After the Omicron outbreak of early 2022 subsided, death rates from COVID-19 have been steady and relatively low for the rest of the year:

I've included Germany just to provide a comparison with a typical peer country. This still comes out to more than 13,000 deaths per month in the US, so it's a lot of deaths. But so far we haven't seen a winter surge.

This is Monet's cottage in Giverny. I didn't go inside because I'd already seen it and it was jammed with busloads of tourists (like me). However, I did carefully scout out a spot that made it look nice and peaceful, as it should.

May 21, 2022 — Giverny, France

The LA Times reports that Los Angeles posted a record-high high school graduation rate last year:

For the high school class that graduated in 2022, the percentage of students who earned a diploma in four years in Los Angeles Unified — the nation’s second-largest school system — was 86%....There was about a 4.5 percentage point increase from 81.6%, a continuation of an ongoing trend of annual graduation-rate increases.

An increase of 4.5% in a single year hardly seems plausible. And yet, here's a look at the past decade:

As it happens, the Times apparently got things wrong. The graduation rate in 2021 was 83.8%, not 81.6%, so the increase was actually 2.2%. This is fairly normal for LA Unified, which has averaged a 2% annual increase since 2010.

Of course, I wouldn't be surprised if there are two or three different measures of graduation rates. On the other hand, the LAUSD dashboard has the 2022 graduation rate right, so I suppose it has the 2021 rate correct as well.

In any case, this seems pretty remarkable. What on earth has LAUSD done to increase its graduation rate by 24 points in a mere 13 years?

From the LA Times:

The right of billionaires to travel in secrecy is a niche concern, to say the least.

True enough. However, when your paper employs a "wealth reporter" you gotta write about something, don't you?

I have to admit that, zillionaires or not, I sort of sympathize with them on this issue. Sometimes you just want to go somewhere and not have the whole world know about it. Still, as the story points out, you can always travel by charter jet, which allows all the privacy you want and almost all of the luxury of a private jet. So there's no reason to feel too sorry for all these hotly pursued celebrities.

Until its implosion last month, Alameda Research was the sister company of FTX. Both were founded by Sam Bankman-Fried, and Alameda was the company that borrowed customer deposits from FTX using inflated crypto tokens as "collateral." The money was used partly to fund risky investments and partly to make loans to SBF and his CTO, Gary Wang.

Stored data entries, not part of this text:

lemma pcompose_cong:
  "[X = Y] (mod N) \<Longrightarrow> [pcompose p X = pcompose p Y] (mod N :: 'a::field poly)"
  by (induction p) (simp_all add: pcompose_pCons cong_add cong_mult)

text \<open>In \<open>R\<close> one has \<open>x\<^sup>-\<^sup>1 = x\<^sup>m\<^sup>-\<^sup>1\<close>. Unlike the coefficientwise \<^const>\<open>bar\<close>, substituting
  \<open>x\<^sup>m\<^sup>-\<^sup>1\<close> for \<open>x\<close> is a ring homomorphism of \<open>F[x]\<close>; the two agree modulo \<open>x\<^sup>m - 1\<close>.\<close>
definition subst_xinv :: "nat \<Rightarrow> 'a::comm_ring_1 poly \<Rightarrow> 'a poly" where
  "subst_xinv m p = pcompose p (monom 1 (m - 1))"

lemma subst_xinv_hom:
  "subst_xinv m (p + q) = subst_xinv m p + subst_xinv m q"
  "subst_xinv m (p - q) = subst_xinv m p - subst_xinv m q"
  "subst_xinv m (- p) = - subst_xinv m p"
  "subst_xinv m (p * q) = subst_xinv m p * subst_xinv m q"
  "subst_xinv m 1 = 1"
  "subst_xinv m (smult c p) = smult c (subst_xinv m p)"
  "subst_xinv m (sum f A) = (\<Sum>i\<in>A. subst_xinv m (f i))"
  "subst_xinv m (monom c n) = monom c ((m - 1) * n)"
  by (simp_all add: subst_xinv_def pcompose_add pcompose_diff pcompose_uminus pcompose_mult
      pcompose_smult pcompose_sum pcompose_1 pcompose_monom monom_power smult_monom mult.commute)

lemma subst_xinv_cong:
  assumes "[a = b] (mod xm1 m)"
  shows "[subst_xinv m a = subst_xinv m (b :: 'a::field poly)] (mod xm1 m)"
proof -
  have "[monom 1 ((m - 1) * m) = (1 :: 'a poly)] (mod xm1 m)"
    using cong_monom_monom[of "(m - 1) * m" 0 m 1] by (simp add: cong_0_iff)
  then have "xm1 m dvd subst_xinv m (xm1 m :: 'a poly)"
    by (simp add: xm1_def subst_xinv_hom cong_iff_dvd_diff)
  moreover obtain k where "a - b = xm1 m * k"
    using assms by (auto simp: cong_iff_dvd_diff)
  ultimately show ?thesis
    by (simp add: cong_iff_dvd_diff subst_xinv_hom(4) flip: subst_xinv_hom(2))
qed

lemma subst_xinv_involution:
  assumes "m > 0"
  shows "[subst_xinv m (subst_xinv m a) = (a :: 'a::field poly)] (mod xm1 m)"
proof -
  have "[monom 1 ((m - 1) * (m - 1)) = (monom 1 1 :: 'a poly)] (mod xm1 m)"
    by (rule cong_monom_monom[OF cong_pred_mult_pred[OF assms]])
  then have "[pcompose a (monom 1 ((m - 1) * (m - 1))) = pcompose a (monom 1 1)] (mod xm1 m)"
    by (rule pcompose_cong)
  moreover have "pcompose a (monom 1 1) = a"
    using pcompose_idR[of a] by (simp add: monom_Suc monom_0 one_pCons)
  moreover have "subst_xinv m (subst_xinv m a) = pcompose a (monom 1 ((m - 1) * (m - 1)))"
    by (simp add: subst_xinv_def pcompose_monom monom_power flip: pcompose_assoc)
  ultimately show ?thesis
    by simp
qed

lemma bar_cong_subst_xinv:
  assumes "m > 0"
  shows "[bar m b = subst_xinv m (b :: 'a::field poly)] (mod xm1 m)"
proof -
  define b' where "b' = red m b"
  have "bar m b = (\<Sum>i<m. monom (coeff b' i) ((m - i) mod m))"
    by (simp add: bar_def b'_def)
  also have "[\<dots> = (\<Sum>i<m. monom (coeff b' i) ((m - 1) * i))] (mod xm1 m)"
  proof (intro cong_sum cong_monom_monom)
    fix i assume "i \<in> {..<m}"
    then show "[(m - i) mod m = (m - 1) * i] (mod m)"
      using cong_pred_mult[OF assms, of i] by (simp add: cong_sym)
  qed
  also have "(\<Sum>i<m. monom (coeff b' i) ((m - 1) * i)) = subst_xinv m (\<Sum>i<m. monom (coeff b' i) i)"
    by (simp add: subst_xinv_hom)
  also have "(\<Sum>i<m. monom (coeff b' i) i) = b'"
    unfolding b'_def by (rule sum_monom_coeff_lessThan[OF degree_red_less[OF assms]])
  also have "[subst_xinv m b' = subst_xinv m b] (mod xm1 m)"
    unfolding b'_def by (intro subst_xinv_cong cong_red)
  finally show ?thesis .
qed

lemma cong_subst_xinv_reflect_poly:
  assumes "m > 0"
  shows "[subst_xinv m (reflect_poly f) * monom 1 (degree f) = (f :: 'a::field poly)] (mod xm1 m)"
proof -
  define d where "d = degree f"
  have "reflect_poly f = (\<Sum>i\<le>d. monom (coeff (reflect_poly f) i) i)"
    unfolding d_def by (rule poly_as_sum_of_monoms'[symmetric]) (rule degree_reflect_poly_le)
  also have "\<dots> = (\<Sum>i\<le>d. monom (coeff f (d - i)) i)"
    by (intro sum.cong refl) (simp add: coeff_reflect_poly d_def)
  finally have "subst_xinv m (reflect_poly f) * monom 1 d
      = (\<Sum>i\<le>d. monom (coeff f (d - i)) ((m - 1) * i + d))"
    by (simp add: subst_xinv_hom sum_distrib_right mult_monom)
  also have "[\<dots> = (\<Sum>i\<le>d. monom (coeff f (d - i)) (d - i))] (mod xm1 m)"
    by (intro cong_sum cong_monom_monom cong_pred_mult_add assms) simp
  also have "(\<Sum>i\<le>d. monom (coeff f (d - i)) (d - i)) = (\<Sum>i\<le>d. monom (coeff f i) i)"
    using sum.nat_diff_reindex[of "\<lambda>i. monom (coeff f i) i" "Suc d"]
    by (simp add: lessThan_Suc_atMost)
  also have "\<dots> = f"
    unfolding d_def by (rule poly_as_sum_of_monoms)
  finally show ?thesis
    by (simp add: d_def)
qed

lemma sum_coeff_red_eq_coeff_red_subst_xinv:
  assumes "m > 0"
  shows "(\<Sum>i<m. coeff (red m a) i * coeff (red m b) i)
    = coeff (red m (a * subst_xinv m (b :: 'a::field poly))) 0"
proof -
  define a' b' where "a' = red m a" and "b' = red m b"
  have "red m (a * subst_xinv m b) = red m (a' * subst_xinv m b')"
    unfolding a'_def b'_def red_eq_iff_cong
    by (intro cong_mult subst_xinv_cong cong_sym[OF cong_red])
  also have "a' * subst_xinv m b'
      = (\<Sum>j<m. monom (coeff a' j) j) * subst_xinv m (\<Sum>i<m. monom (coeff b' i) i)"
    unfolding a'_def b'_def by (simp only: sum_monom_coeff_lessThan[OF degree_red_less[OF assms]])
  also have "\<dots> = (\<Sum>j<m. \<Sum>i<m. monom (coeff a' j * coeff b' i) (j + (m - 1) * i))"
    by (simp add: subst_xinv_hom sum_product mult_monom)
  finally have "coeff (red m (a * subst_xinv m b)) 0
      = (\<Sum>j<m. \<Sum>i<m. if [j + (m - 1) * i = 0] (mod m) then coeff a' j * coeff b' i else 0)"
    by (simp add: red_sum red_monom[OF assms] coeff_sum cong_def)
  also have "\<dots> = (\<Sum>j<m. \<Sum>i<m. if i = j then coeff a' j * coeff b' i else 0)"
    by (intro sum.cong refl) (simp add: cong_pred_mult_eq_0_iff[simplified])
  finally show ?thesis
    by (simp add: a'_def b'_def)
qed

lemma cong_0_if_coeff_red_mult_eq_0:
  assumes "m > 0" and orth: "\<And>r. coeff (red m (r * w)) 0 = 0"
  shows "[w = (0 :: 'a::field poly)] (mod xm1 m)"
proof -
  have "coeff (red m w) k = 0" for k
  proof (cases "k < m")
    case True
    have "coeff (red m w) k = (\<Sum>i<m. if k = i then coeff (red m w) i else 0)"
      using True by simp
    also have "\<dots> = (\<Sum>i<m. coeff (red m w) i * coeff (red m (monom 1 k)) i)"
      using True by (intro sum.cong) (auto simp: red_monom[OF assms(1)])
    also have "\<dots> = coeff (red m (subst_xinv m (monom 1 k) * w)) 0"
      by (simp add: sum_coeff_red_eq_coeff_red_subst_xinv[OF assms(1)] mult.commute)
    finally show ?thesis
      by (simp add: orth)
  next
    case False
    then show ?thesis
      using degree_red_less[OF assms(1), of w] by (simp add: coeff_eq_0)
  qed
  then show ?thesis
    by (simp add: poly_eqI flip: red_eq_0_iff_cong)
qed

section \<open>Words and quasi-cyclic codes\<close>

definition qc_word :: "nat \<Rightarrow> 'a::field poly \<Rightarrow> 'a poly \<Rightarrow> 'a list" where
  "qc_word m a b = coeff_vec m (red m a) @ coeff_vec m (red m b)"

lemma length_coeff_vec [simp]: "length (coeff_vec m p) = m"
  by (simp add: coeff_vec_def)

lemma length_qc_word [simp]: "length (qc_word m a b) = 2 * m"
  by (simp add: qc_word_def)

lemma qc_code_eq:
  "qc_code m u11 u12 u21 u22 = {qc_word m (r1 * u11 + r2 * u21) (r1 * u12 + r2 * u22) | r1 r2. True}"
  by (simp add: qc_code_def qc_word_def)

lemma length_mem_qc_code: "x \<in> qc_code m u11 u12 u21 u22 \<Longrightarrow> length x = 2 * m"
  by (auto simp: qc_code_eq)

lemma length_mem_dual: "x \<in> dual m B C \<Longrightarrow> length x = 2 * m"
  by (simp add: dual_def)

lemma coeff_vec_red_eq_iff:
  assumes "m > 0"
  shows "coeff_vec m (red m a) = coeff_vec m (red m b) \<longleftrightarrow> [a = b] (mod xm1 m)"
proof -
  have "coeff_vec m (red m a) = coeff_vec m (red m b) \<longleftrightarrow> (\<forall>i<m. coeff (red m a) i = coeff (red m b) i)"
    by (auto simp: coeff_vec_def)
  also have "\<dots> \<longleftrightarrow> red m a = red m b"
    using degree_red_less[OF assms, of a] degree_red_less[OF assms, of b]
    by (auto intro!: poly_eqI) (metis coeff_eq_0 leI less_le_trans)
  finally show ?thesis
    by (simp add: red_eq_iff_cong)
qed

lemma qc_word_eq_iff:
  "m > 0 \<Longrightarrow> qc_word m a1 a2 = qc_word m b1 b2 \<longleftrightarrow> [a1 = b1] (mod xm1 m) \<and> [a2 = b2] (mod xm1 m)"
  by (simp add: qc_word_def coeff_vec_red_eq_iff)

lemma qc_word_cong:
  "[a1 = b1] (mod xm1 m) \<Longrightarrow> [a2 = b2] (mod xm1 m) \<Longrightarrow> qc_word m a1 a2 = qc_word m b1 b2"
  by (simp add: qc_word_def flip: red_eq_iff_cong)

lemma coeff_vec_red_Poly: "length xs = m \<Longrightarrow> coeff_vec m (red m (Poly xs)) = (xs :: 'a::field list)"
proof (cases "m = 0")
  case False
  assume len: "length xs = m"
  have "degree (Poly xs) \<le> m - 1"
    using len False by (intro degree_le) (auto simp: nth_default_def)
  then have "red m (Poly xs) = Poly xs"
    using False by (intro red_eq_self) linarith
  then show ?thesis
    using len map_nth_default[of 0 xs] by (simp add: coeff_vec_def)
qed (simp add: coeff_vec_def)

lemma qc_word_surj:
  assumes "length v = 2 * m"
  obtains b1 b2 where "v = qc_word m b1 b2"
proof
  show "v = qc_word m (Poly (take m v)) (Poly (drop m v))"
    using assms by (simp add: qc_word_def coeff_vec_red_Poly)
qed

lemma set_eqI_qc_word:
  assumes "\<And>b1 b2. qc_word m b1 b2 \<in> A \<longleftrightarrow> qc_word m b1 b2 \<in> B"
    and "\<And>x. x \<in> A \<Longrightarrow> length x = 2 * m" "\<And>x. x \<in> B \<Longrightarrow> length x = 2 * m"
  shows "A = (B :: 'a::field list set)"
proof (rule Set.set_eqI)
  fix x
  show "x \<in> A \<longleftrightarrow> x \<in> B"
  proof (cases "length x = 2 * m")
    case True
    then obtain b1 b2 where "x = qc_word m b1 b2"
      by (rule qc_word_surj)
    then show ?thesis
      using assms(1) by simp
  qed (use assms(2,3) in blast)
qed

lemma qc_word_mem_qc_code_iff:
  "m > 0 \<Longrightarrow> qc_word m b1 b2 \<in> qc_code m u11 u12 u21 u22 \<longleftrightarrow>
    (\<exists>r1 r2. [b1 = r1 * u11 + r2 * u21] (mod xm1 m) \<and> [b2 = r1 * u12 + r2 * u22] (mod xm1 m))"
  by (auto simp: qc_code_eq qc_word_eq_iff)

lemma qc_code_cong:
  assumes "[u11 = u11'] (mod xm1 m)" "[u12 = u12'] (mod xm1 m)"
    and "[u21 = u21'] (mod xm1 m)" "[u22 = u22'] (mod xm1 m)"
  shows "qc_code m u11 u12 u21 u22 = qc_code m u11' u12' u21' u22'"
proof -
  have "qc_word m (r1 * u11 + r2 * u21) (r1 * u12 + r2 * u22)
      = qc_word m (r1 * u11' + r2 * u21') (r1 * u12' + r2 * u22')" for r1 r2
    by (intro qc_word_cong cong_add cong_mult cong_refl assms)
  then show ?thesis
    by (simp add: qc_code_eq)
qed

lemma qc_word_mem_qc_code_subst_xinv_iff:
  assumes m: "m > 0"
  shows "qc_word m (subst_xinv m b1) (subst_xinv m b2)
      \<in> qc_code m (subst_xinv m u11) (subst_xinv m u12) (subst_xinv m u21) (subst_xinv m u22)
    \<longleftrightarrow> qc_word m b1 b2 \<in> qc_code m u11 u12 u21 (u22 :: 'a::field poly)"
proof -
  let ?\<sigma> = "subst_xinv m"
  have conj: "qc_word m (?\<sigma> b1) (?\<sigma> b2) \<in> qc_code m (?\<sigma> u11) (?\<sigma> u12) (?\<sigma> u21) (?\<sigma> u22)"
    if mem: "qc_word m b1 b2 \<in> qc_code m u11 u12 u21 u22" for b1 b2 u11 u12 u21 u22 :: "'a poly"
  proof -
    obtain r1 r2 where "[b1 = r1 * u11 + r2 * u21] (mod xm1 m)" "[b2 = r1 * u12 + r2 * u22] (mod xm1 m)"
      using mem by (auto simp: qc_word_mem_qc_code_iff[OF m])
    then have "[?\<sigma> b1 = ?\<sigma> (r1 * u11 + r2 * u21)] (mod xm1 m)"
      "[?\<sigma> b2 = ?\<sigma> (r1 * u12 + r2 * u22)] (mod xm1 m)"
      by (simp_all add: subst_xinv_cong)
    then have "[?\<sigma> b1 = ?\<sigma> r1 * ?\<sigma> u11 + ?\<sigma> r2 * ?\<sigma> u21] (mod xm1 m)"
      "[?\<sigma> b2 = ?\<sigma> r1 * ?\<sigma> u12 + ?\<sigma> r2 * ?\<sigma> u22] (mod xm1 m)"
      by (simp_all add: subst_xinv_hom)
    then show ?thesis
      by (auto simp: qc_word_mem_qc_code_iff[OF m])
  qed
  have word: "qc_word m (?\<sigma> (?\<sigma> b1)) (?\<sigma> (?\<sigma> b2)) = qc_word m b1 b2"
    by (intro qc_word_cong subst_xinv_involution m)
  have code: "qc_code m (?\<sigma> (?\<sigma> u11)) (?\<sigma> (?\<sigma> u12)) (?\<sigma> (?\<sigma> u21)) (?\<sigma> (?\<sigma> u22))
      = qc_code m u11 u12 u21 u22"
    by (intro qc_code_cong subst_xinv_involution m)
  show ?thesis
  proof
    assume "qc_word m (?\<sigma> b1) (?\<sigma> b2) \<in> qc_code m (?\<sigma> u11) (?\<sigma> u12) (?\<sigma> u21) (?\<sigma> u22)"
    from conj[OF this] show "qc_word m b1 b2 \<in> qc_code m u11 u12 u21 u22"
      by (simp only: word code)
  qed (rule conj)
qed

A couple of weeks ago the former CEO of Alameda Research, Caroline Ellison, was spotted in New York City:

Sure enough, it turns out she's been spilling the beans on Sam Bankman-Fried the whole time. So has Wang. The Wall Street Journal has the story:

Ms. Ellison, 28 years old, pleaded guilty to seven counts, including wire fraud and conspiracy to commit securities fraud, according to her plea agreement, which was signed Monday. Mr. Wang, 29, pleaded guilty to four counts, including wire fraud.

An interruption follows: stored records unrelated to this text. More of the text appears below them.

text \<open>
  A holomorphic form \<open>\<Phi>\<close> is determined by its real parts a on \<open>\<Gamma>\<close> and b on \<open>\<Gamma>\<^sup>*\<close>, since \<open>*\<Phi> = -i\<Phi>\<close>
  fixes the imaginary parts, and \<open>\<Phi>\<close> is holomorphic iff a and b are discrete harmonic (closed, and
  coclosed for the weights \<open>\<rho>\<close>). Loops of \<open>\<Lambda>\<close> stay on one side, so the period conditions split into
  conditions on a and on b, and the crossing condition puts \<open>\<A>\<close> and \<open>\<B>\<close> on opposite sides, say
  \<open>\<A>\<close> in \<open>\<Gamma>\<close> and \<open>\<B>\<close> in \<open>\<Gamma>\<^sup>*\<close>. Then all periods of a vanish, so a is exact and coclosed, hence zero
  by the energy identity. For b one needs the unique harmonic form on \<open>\<Gamma>\<^sup>*\<close> with \<open>\<B>\<close>-period 1 whose
  periods vanish on loops not crossing \<open>\<A>\<close>: subtracting a potential leaves a closed form supported
  on the edges crossing \<open>\<A>\<close>, i.e. a multiple of the signed crossing form of \<open>\<A>\<close>, and the \<open>\<B>\<close>-period
  fixes the multiple; conversely, the signed crossing form plus the coboundary of a solution of a
  discrete Poisson equation is harmonic.
\<close>

section \<open>Linear systems and orbits\<close>

lemma injective_linear_system_solvable:
  fixes V :: "'v set" and a :: "'v \<Rightarrow> 'v \<Rightarrow> 'a :: field"
  assumes fin: "finite V"
    and inj: "\<And>h. \<forall>v\<in>V. (\<Sum>u\<in>V. a v u * h u) = 0 \<Longrightarrow> \<forall>v\<in>V. h v = 0"
  shows "\<exists>h. \<forall>v\<in>V. (\<Sum>u\<in>V. a v u * h u) = g v"
proof -
  define n where "n = card V"
  obtain e where e: "bij_betw e {..<n} V"
    using ex_bij_betw_nat_finite[OF fin] unfolding n_def atLeast0LessThan by blast
  define ei where "ei = the_inv_into {..<n} e"
  have ei: "ei u < n" "e (ei u) = u" if "u \<in> V" for u
    using that e the_inv_into_into[of e "{..<n}" u] f_the_inv_into_f_bij_betw[of e "{..<n}" V u]
    unfolding ei_def bij_betw_def by auto
  have eie: "ei (e i) = i" if "i < n" for i
    using that e unfolding ei_def bij_betw_def by (simp add: the_inv_into_f_f)
  define M where "M = mat n n (\<lambda>(i, j). a (e i) (e j))"
  have M: "M \<in> carrier_mat n n" by (simp add: M_def)
  have Mv: "(M *\<^sub>v y) $ i = (\<Sum>u\<in>V. a (e i) u * y $ ei u)" if "y \<in> carrier_vec n" "i < n" for y i
  proof -
    have "(M *\<^sub>v y) $ i = (\<Sum>j<n. a (e i) (e j) * y $ ei (e j))"
      using that by (simp add: M_def mult_mat_vec_def scalar_prod_def atLeast0LessThan eie)
    also have "\<dots> = (\<Sum>u\<in>V. a (e i) u * y $ ei u)"
      by (rule sum.reindex_bij_betw[OF e])
    finally show ?thesis .
  qed
  have "det M \<noteq> 0"
  proof
    assume "det M = 0"
    then obtain y where y: "y \<in> carrier_vec n" "y \<noteq> 0\<^sub>v n" "M *\<^sub>v y = 0\<^sub>v n"
      using det_0_iff_vec_prod_zero_field[OF M] by blast
    have "\<forall>v\<in>V. (\<Sum>u\<in>V. a v u * y $ ei u) = 0"
      using Mv[OF y(1)] y(3) ei by (metis index_zero_vec(1))
    then have y0: "\<forall>v\<in>V. y $ ei v = 0" by (rule inj)
    have "y $ i = 0" if "i < n" for i
      using y0[rule_format, of "e i"] eie[OF that] e that by (auto simp: bij_betw_def)
    then have "y = 0\<^sub>v n" using y(1) by (intro eq_vecI) auto
    with y(2) show False ..
  qed
  then obtain B where B: "B \<in> carrier_mat n n" "M * B = 1\<^sub>m n"
    using det_non_zero_imp_unit[OF M] by (auto simp: Units_def ring_mat_def)
  define z where "z = B *\<^sub>v vec n (\<lambda>i. g (e i))"
  have z: "z \<in> carrier_vec n" using B by (simp add: z_def)
  have Mz: "M *\<^sub>v z = vec n (\<lambda>i. g (e i))"
    using assoc_mult_mat_vec[OF M B(1), of "vec n (\<lambda>i. g (e i))"] B(2) by (simp add: z_def)
  show ?thesis
  proof (intro exI ballI)
    fix v assume "v \<in> V"
    then show "(\<Sum>u\<in>V. a v u * z $ ei u) = g v"
      using Mv[OF z, of "ei v"] Mz ei by simp
  qed
qed

lemma mem_orbit_iff: "y \<in> orbit f x \<longleftrightarrow> (\<exists>n. y = (f ^^ n) x)"
  by (simp add: orbit_def)

lemma orbit_self: "x \<in> orbit f x"
  unfolding mem_orbit_iff by (metis funpow_0)

lemma orbit_subset:
  assumes "f ` D \<subseteq> D" and "x \<in> D"
  shows "orbit f x \<subseteq> D"
proof -
  have "(f ^^ n) x \<in> D" for n by (induction n) (use assms in auto)
  then show ?thesis by (auto simp: orbit_def)
qed

lemma orbit_apply_subset: "orbit f (f x) \<subseteq> orbit f x"
proof
  fix y assume "y \<in> orbit f (f x)"
  then obtain n where "y = (f ^^ n) (f x)" by (auto simp: orbit_def)
  then have "y = (f ^^ Suc n) x" by (simp only: funpow_Suc_right comp_apply)
  then show "y \<in> orbit f x" unfolding mem_orbit_iff by blast
qed

lemma permutation_return:
  assumes "finite D" and "bij_betw f D D" and "x \<in> D"
  obtains n where "n > 0" and "(f ^^ n) x = x"
proof -
  have "(\<lambda>n. (f ^^ n) x) ` UNIV \<subseteq> D"
    using assms(2,3) bij_betw_funpow[OF assms(2)] by (auto simp: bij_betw_def)
  then have "\<not> inj (\<lambda>n. (f ^^ n) x)"
    using assms(1) finite_subset infinite_UNIV_nat finite_imageD by blast
  then obtain i j where ij: "i < j" "(f ^^ i) x = (f ^^ i) ((f ^^ (j - i)) x)"
    unfolding inj_def by (metis funpow_add comp_apply le_add_diff_inverse less_le not_less_iff_gr_or_eq)
  have "inj_on (f ^^ i) D" using bij_betw_funpow[OF assms(2)] by (simp add: bij_betw_def)
  moreover have "(f ^^ (j - i)) x \<in> D"
    using bij_betw_funpow[OF assms(2)] assms(3) by (auto simp: bij_betw_def)
  ultimately have "(f ^^ (j - i)) x = x" using ij(2) assms(3) by (metis inj_onD)
  with ij(1) show ?thesis by (intro that[of "j - i"]) simp_all
qed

....According to their plea agreements, Ms. Ellison and Mr. Wang are expected to truthfully disclose information to investigators, provide requested evidence and appear in front of a grand jury or court proceeding if asked. In exchange, the government will inform the judge of the defendants’ assistance and request lesser sentences.

This might explain why SBF agreed to be extradited and is now in custody in New York. He knew the jig was up and there was little point in fighting any longer.